PROBLEM REQUIREMENTS :: Return, exactly and in full, the lines of the records below starting at the one with "case (Suc N)" and ending at the one with "using gen by", and no other lines.
*** Opening PROVIDED DATA ***
lemma Zplus_cong:
  assumes "prime p" "odd p"
  shows "rat_cong (Zplus p)
    (of_int (wilson_quotient p) - harmonic ((p - 1) div 2) / 2) p"
proof -
  define h where "h = (p - 1) div 2"
  have p: "p - 1 = 2 * h"
    unfolding h_def using assms(2) by simp
  define W where "W = (of_int (wilson_quotient p) :: rat)"
  have "rat_cong ((-1) ^ k * M k p) ((-1) ^ k * (W - harmonic k)) p" if "k \<in> {0..2*h}" for k
  proof (rule rat_cong_mult_left)
    have "k < p"
      using that p prime_gt_0_nat[OF assms(1)] by simp
    then show "rat_cong (M k p) (W - harmonic k) p"
      unfolding W_def by (rule M_cong[OF assms(1)])
    show "coprime_denom p ((-1) ^ k)"
      by (intro coprime_denom_power coprime_denom_uminus coprime_denom_1)
  qed
  then have "rat_cong (Zplus p) (\<Sum>k=0..2*h. (-1) ^ k * (W - harmonic k)) p"
    unfolding Zplus_def p by (rule rat_cong_sum)
  also have "(\<Sum>k=0..2*h. (-1) ^ k * (W - harmonic k)) =
      W * (\<Sum>k=0..2*h. (-1) ^ k) - (\<Sum>k=0..2*h. (-1) ^ k * harmonic k)"
    by (simp add: right_diff_distrib left_diff_distrib sum_subtractf sum_distrib_left mult.commute)
  also have "\<dots> = W - harmonic h / 2"
    by (simp only: sum_alternating_signs sum_alternating_harmonic mult_1_right)
  finally show ?thesis
    unfolding W_def h_def .
qed

lemma fps_exp_1_minus_1_ne_0: "(fps_exp 1 - 1 :: rat fps) \<noteq> 0"
proof
  assume "(fps_exp 1 - 1 :: rat fps) = 0"
  then have "(fps_exp 1 - 1 :: rat fps) $ 1 = 0"
    by simp
  then show False
    by simp
qed

lemma bernoulli_fps_times: "bernoulli_fps * (fps_exp 1 - 1) = fps_X"
proof -
  have "subdegree (fps_exp 1 - 1 :: rat fps) \<le> 1"
    by (rule subdegree_leI) simp
  then show ?thesis
    unfolding bernoulli_fps_def using fps_times_divide_eq[OF fps_exp_1_minus_1_ne_0] by simp
qed

lemma fps_exp_1_minus_1_times_sum:
  "(fps_exp 1 - 1) * (\<Sum>j<N. fps_exp (of_nat j)) =
    (fps_exp (of_nat N) - 1 :: 'a :: field_char_0 fps)"
proof (induction N)
  case (Suc N)
  have "fps_exp (of_nat (Suc N)) = fps_exp 1 * (fps_exp (of_nat N) :: 'a fps)"
    using fps_exp_add_mult[of 1 "of_nat N :: 'a"] by (simp add: add.commute)
  then show ?case
    using Suc by (simp add: algebra_simps)
qed simp

lemma sum_of_powers_bernoulli:
  "(\<Sum>j<N. of_nat j ^ n :: rat) =
     (\<Sum>i\<le>n. of_nat (n choose i) * bernoulli i * of_nat N ^ (n + 1 - i) / of_nat (n + 1 - i))"
proof -
  have gen: "fps_X * (\<Sum>j<N. fps_exp (of_nat j)) = bernoulli_fps * (fps_exp (of_nat N) - 1)"
    using fps_exp_1_minus_1_times_sum[of N] by (metis bernoulli_fps_times mult.assoc)
  have "(fps_X * (\<Sum>j<N. fps_exp (of_nat j)) :: rat fps) $ Suc n = (\<Sum>j<N. of_nat j ^ n) / fact n"
    by (simp add: fps_sum_nth sum_divide_distrib)
  moreover have "(bernoulli_fps * (fps_exp (of_nat N) - 1)) $ Suc n =
      (\<Sum>i\<le>n. bernoulli i * of_nat N ^ (Suc n - i) / (fact (Suc n - i) * fact i))"
    by (simp add: fps_mult_nth atLeast0AtMost bernoulli_def)
  moreover have "bernoulli i * of_nat N ^ (Suc n - i) / (fact (Suc n - i) * fact i) =
      of_nat (n choose i) * bernoulli i * of_nat N ^ (n + 1 - i) / of_nat (n + 1 - i) / fact n"
    if i: "i \<le> n" for i
  proof -
    obtain m where m: "n = i + m"
      using le_Suc_ex[OF i] by blast
    have C: "(of_nat (n choose i) :: rat) = fact n / (fact i * fact m)"
      using binomial_fact[OF i] m by simp
    have "Suc n - i = Suc m" "n + 1 - i = Suc m"
      using m by simp_all
    moreover define s :: rat where "s = of_nat (Suc m)"
    moreover have "s \<noteq> 0" "fact (Suc m) = s * fact m"
      by (simp_all add: s_def)
    ultimately show ?thesis
      unfolding C by (simp del: of_nat_Suc fact_Suc add: s_def[symmetric] field_simps)
  qed
  ultimately have "(\<Sum>j<N. of_nat j ^ n) / fact n =
      (\<Sum>i\<le>n. of_nat (n choose i) * bernoulli i * of_nat N ^ (n + 1 - i) / of_nat (n + 1 - i)) /
        fact n"
    using gen by (simp add: sum_divide_distrib)
  then show ?thesis
    by simp
qed

lemma bernoulli_odd_eq_0:
  assumes "odd n" "n \<noteq> 1"
  shows "bernoulli n = 0"
proof -
  let ?B = "bernoulli_fps" and ?E = "fps_exp 1 :: rat fps"
  have X0: "(- fps_X :: rat fps) $ 0 = 0"
    by simp
  have "?E oo - fps_X = fps_exp (-1)"
    by (simp add: fps_compose_uminus' fps_eq_iff power_minus')
  then have reflected: "(?B oo - fps_X) * (fps_exp (-1) - 1) = - fps_X"
    using arg_cong[OF bernoulli_fps_times, of "\<lambda>f. f oo - fps_X"]
    by (simp add: fps_compose_mult_distrib[OF X0] fps_compose_sub_distrib)
  have "?E * fps_exp (-1) = 1"
    using fps_exp_add_mult[of "1::rat" "-1"] by simp
  then have "?E - 1 = (fps_exp (-1) - 1) * (- ?E)"
    by (simp add: algebra_simps)
  then have "(?B oo - fps_X) * (?E - 1) = (?B oo - fps_X) * (fps_exp (-1) - 1) * (- ?E)"
    by (simp only: mult.assoc)
  also have "\<dots> = fps_X * ?E"
    unfolding reflected by simp
  also have "\<dots> = (?B + fps_X) * (?E - 1)"
    using bernoulli_fps_times by (simp add: algebra_simps)
  finally have "?B oo - fps_X = ?B + fps_X"
    using fps_exp_1_minus_1_ne_0 by simp
  then have "(?B oo - fps_X) $ n = (?B + fps_X) $ n"
    by simp
  then have "(-1) ^ n * ?B $ n = ?B $ n"
    using assms(2) by (simp add: fps_compose_uminus')
  then show ?thesis
    using assms(1) by (simp add: bernoulli_def)
qed

lemma sum_of_powers_minus_bernoulli:
  "(\<Sum>j<N. of_nat j ^ n) - of_nat N * bernoulli n =
     (\<Sum>i<n. of_nat (n choose i) * (of_nat N * bernoulli i) *
        (of_nat N ^ (n - i) / of_nat (Suc (n - i))))"
proof -
  have "(\<Sum>j<N. of_nat j ^ n) = of_nat N * bernoulli n +
      (\<Sum>i<n. of_nat (n choose i) * bernoulli i * of_nat N ^ (n + 1 - i) / of_nat (n + 1 - i))"
    unfolding sum_of_powers_bernoulli by (simp add: lessThan_Suc_atMost[symmetric])
  also have "(\<Sum>i<n. of_nat (n choose i) * bernoulli i * of_nat N ^ (n + 1 - i) /
        of_nat (n + 1 - i)) =
      (\<Sum>i<n. of_nat (n choose i) * (of_nat N * bernoulli i) *
        (of_nat N ^ (n - i) / of_nat (Suc (n - i))))"
  proof (rule sum.cong[OF refl])
    fix i
    assume "i \<in> {..<n}"
    then have "n + 1 - i = Suc (n - i)"
      by auto
    then show "of_nat (n choose i) * bernoulli i * of_nat N ^ (n + 1 - i) / of_nat (n + 1 - i) =
        of_nat (n choose i) * (of_nat N * bernoulli i) *
          (of_nat N ^ (n - i) / of_nat (Suc (n - i)) :: rat)"
      by (simp del: of_nat_Suc)
  qed
  finally show ?thesis
    by simp
qed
*** Closing PROVIDED DATA ***
SOLUTION FOR THIS PROBLEM ::
  case (Suc N)
  have "fps_exp (of_nat (Suc N)) = fps_exp 1 * (fps_exp (of_nat N) :: 'a fps)"
    using fps_exp_add_mult[of 1 "of_nat N :: 'a"] by (simp add: add.commute)
  then show ?case
    using Suc by (simp add: algebra_simps)
qed simp

lemma sum_of_powers_bernoulli:
  "(\<Sum>j<N. of_nat j ^ n :: rat) =
     (\<Sum>i\<le>n. of_nat (n choose i) * bernoulli i * of_nat N ^ (n + 1 - i) / of_nat (n + 1 - i))"
proof -
  have gen: "fps_X * (\<Sum>j<N. fps_exp (of_nat j)) = bernoulli_fps * (fps_exp (of_nat N) - 1)"
    using fps_exp_1_minus_1_times_sum[of N] by (metis bernoulli_fps_times mult.assoc)
  have "(fps_X * (\<Sum>j<N. fps_exp (of_nat j)) :: rat fps) $ Suc n = (\<Sum>j<N. of_nat j ^ n) / fact n"
    by (simp add: fps_sum_nth sum_divide_distrib)
  moreover have "(bernoulli_fps * (fps_exp (of_nat N) - 1)) $ Suc n =
      (\<Sum>i\<le>n. bernoulli i * of_nat N ^ (Suc n - i) / (fact (Suc n - i) * fact i))"
    by (simp add: fps_mult_nth atLeast0AtMost bernoulli_def)
  moreover have "bernoulli i * of_nat N ^ (Suc n - i) / (fact (Suc n - i) * fact i) =
      of_nat (n choose i) * bernoulli i * of_nat N ^ (n + 1 - i) / of_nat (n + 1 - i) / fact n"
    if i: "i \<le> n" for i
  proof -
    obtain m where m: "n = i + m"
      using le_Suc_ex[OF i] by blast
    have C: "(of_nat (n choose i) :: rat) = fact n / (fact i * fact m)"
      using binomial_fact[OF i] m by simp
    have "Suc n - i = Suc m" "n + 1 - i = Suc m"
      using m by simp_all
    moreover define s :: rat where "s = of_nat (Suc m)"
    moreover have "s \<noteq> 0" "fact (Suc m) = s * fact m"
      by (simp_all add: s_def)
    ultimately show ?thesis
      unfolding C by (simp del: of_nat_Suc fact_Suc add: s_def[symmetric] field_simps)
  qed
  ultimately have "(\<Sum>j<N. of_nat j ^ n) / fact n =
      (\<Sum>i\<le>n. of_nat (n choose i) * bernoulli i * of_nat N ^ (n + 1 - i) / of_nat (n + 1 - i)) /
        fact n"
    using gen by (simp add: sum_divide_distrib)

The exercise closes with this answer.